++++ Task inputs

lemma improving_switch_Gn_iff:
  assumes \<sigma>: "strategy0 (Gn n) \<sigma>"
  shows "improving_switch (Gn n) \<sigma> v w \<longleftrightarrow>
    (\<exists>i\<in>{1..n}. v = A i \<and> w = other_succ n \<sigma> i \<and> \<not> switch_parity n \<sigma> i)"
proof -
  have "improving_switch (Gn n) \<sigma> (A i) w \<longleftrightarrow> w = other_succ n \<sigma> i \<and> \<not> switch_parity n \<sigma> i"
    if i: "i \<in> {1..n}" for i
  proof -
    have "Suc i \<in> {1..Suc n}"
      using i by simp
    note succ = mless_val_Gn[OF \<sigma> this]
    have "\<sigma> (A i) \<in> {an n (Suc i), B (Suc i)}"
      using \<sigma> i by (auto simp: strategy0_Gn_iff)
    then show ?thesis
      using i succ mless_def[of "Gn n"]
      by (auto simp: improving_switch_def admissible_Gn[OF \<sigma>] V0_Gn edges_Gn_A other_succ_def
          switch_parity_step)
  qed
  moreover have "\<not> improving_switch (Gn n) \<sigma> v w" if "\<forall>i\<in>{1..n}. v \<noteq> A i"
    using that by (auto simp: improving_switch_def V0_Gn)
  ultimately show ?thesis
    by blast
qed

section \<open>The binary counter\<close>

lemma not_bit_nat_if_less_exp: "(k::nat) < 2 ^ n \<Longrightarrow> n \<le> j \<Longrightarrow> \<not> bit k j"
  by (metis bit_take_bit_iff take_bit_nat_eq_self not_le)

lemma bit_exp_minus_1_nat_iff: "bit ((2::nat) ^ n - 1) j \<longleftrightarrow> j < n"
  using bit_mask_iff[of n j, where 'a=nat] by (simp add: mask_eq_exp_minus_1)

++++++++

Exercise
Transcribe the data word for word.

Exercise output
lemma improving_switch_Gn_iff:
  assumes \<sigma>: "strategy0 (Gn n) \<sigma>"
  shows "improving_switch (Gn n) \<sigma> v w \<longleftrightarrow>
    (\<exists>i\<in>{1..n}. v = A i \<and> w = other_succ n \<sigma> i \<and> \<not> switch_parity n \<sigma> i)"
proof -
  have "improving_switch (Gn n) \<sigma> (A i) w \<longleftrightarrow> w = other_succ n \<sigma> i \<and> \<not> switch_parity n \<sigma> i"
    if i: "i \<in> {1..n}" for i
  proof -
    have "Suc i \<in> {1..Suc n}"
      using i by simp
    note succ = mless_val_Gn[OF \<sigma> this]
    have "\<sigma> (A i) \<in> {an n (Suc i), B (Suc i)}"
      using \<sigma> i by (auto simp: strategy0_Gn_iff)
    then show ?thesis
      using i succ mless_def[of "Gn n"]
      by (auto simp: improving_switch_def admissible_Gn[OF \<sigma>] V0_Gn edges_Gn_A other_succ_def
          switch_parity_step)
  qed
  moreover have "\<not> improving_switch (Gn n) \<sigma> v w" if "\<forall>i\<in>{1..n}. v \<noteq> A i"
    using that by (auto simp: improving_switch_def V0_Gn)
  ultimately show ?thesis
    by blast
qed

section \<open>The binary counter\<close>

lemma not_bit_nat_if_less_exp: "(k::nat) < 2 ^ n \<Longrightarrow> n \<le> j \<Longrightarrow> \<not> bit k j"
  by (metis bit_take_bit_iff take_bit_nat_eq_self not_le)

lemma bit_exp_minus_1_nat_iff: "bit ((2::nat) ^ n - 1) j \<longleftrightarrow> j < n"
  using bit_mask_iff[of n j, where 'a=nat] by (simp add: mask_eq_exp_minus_1)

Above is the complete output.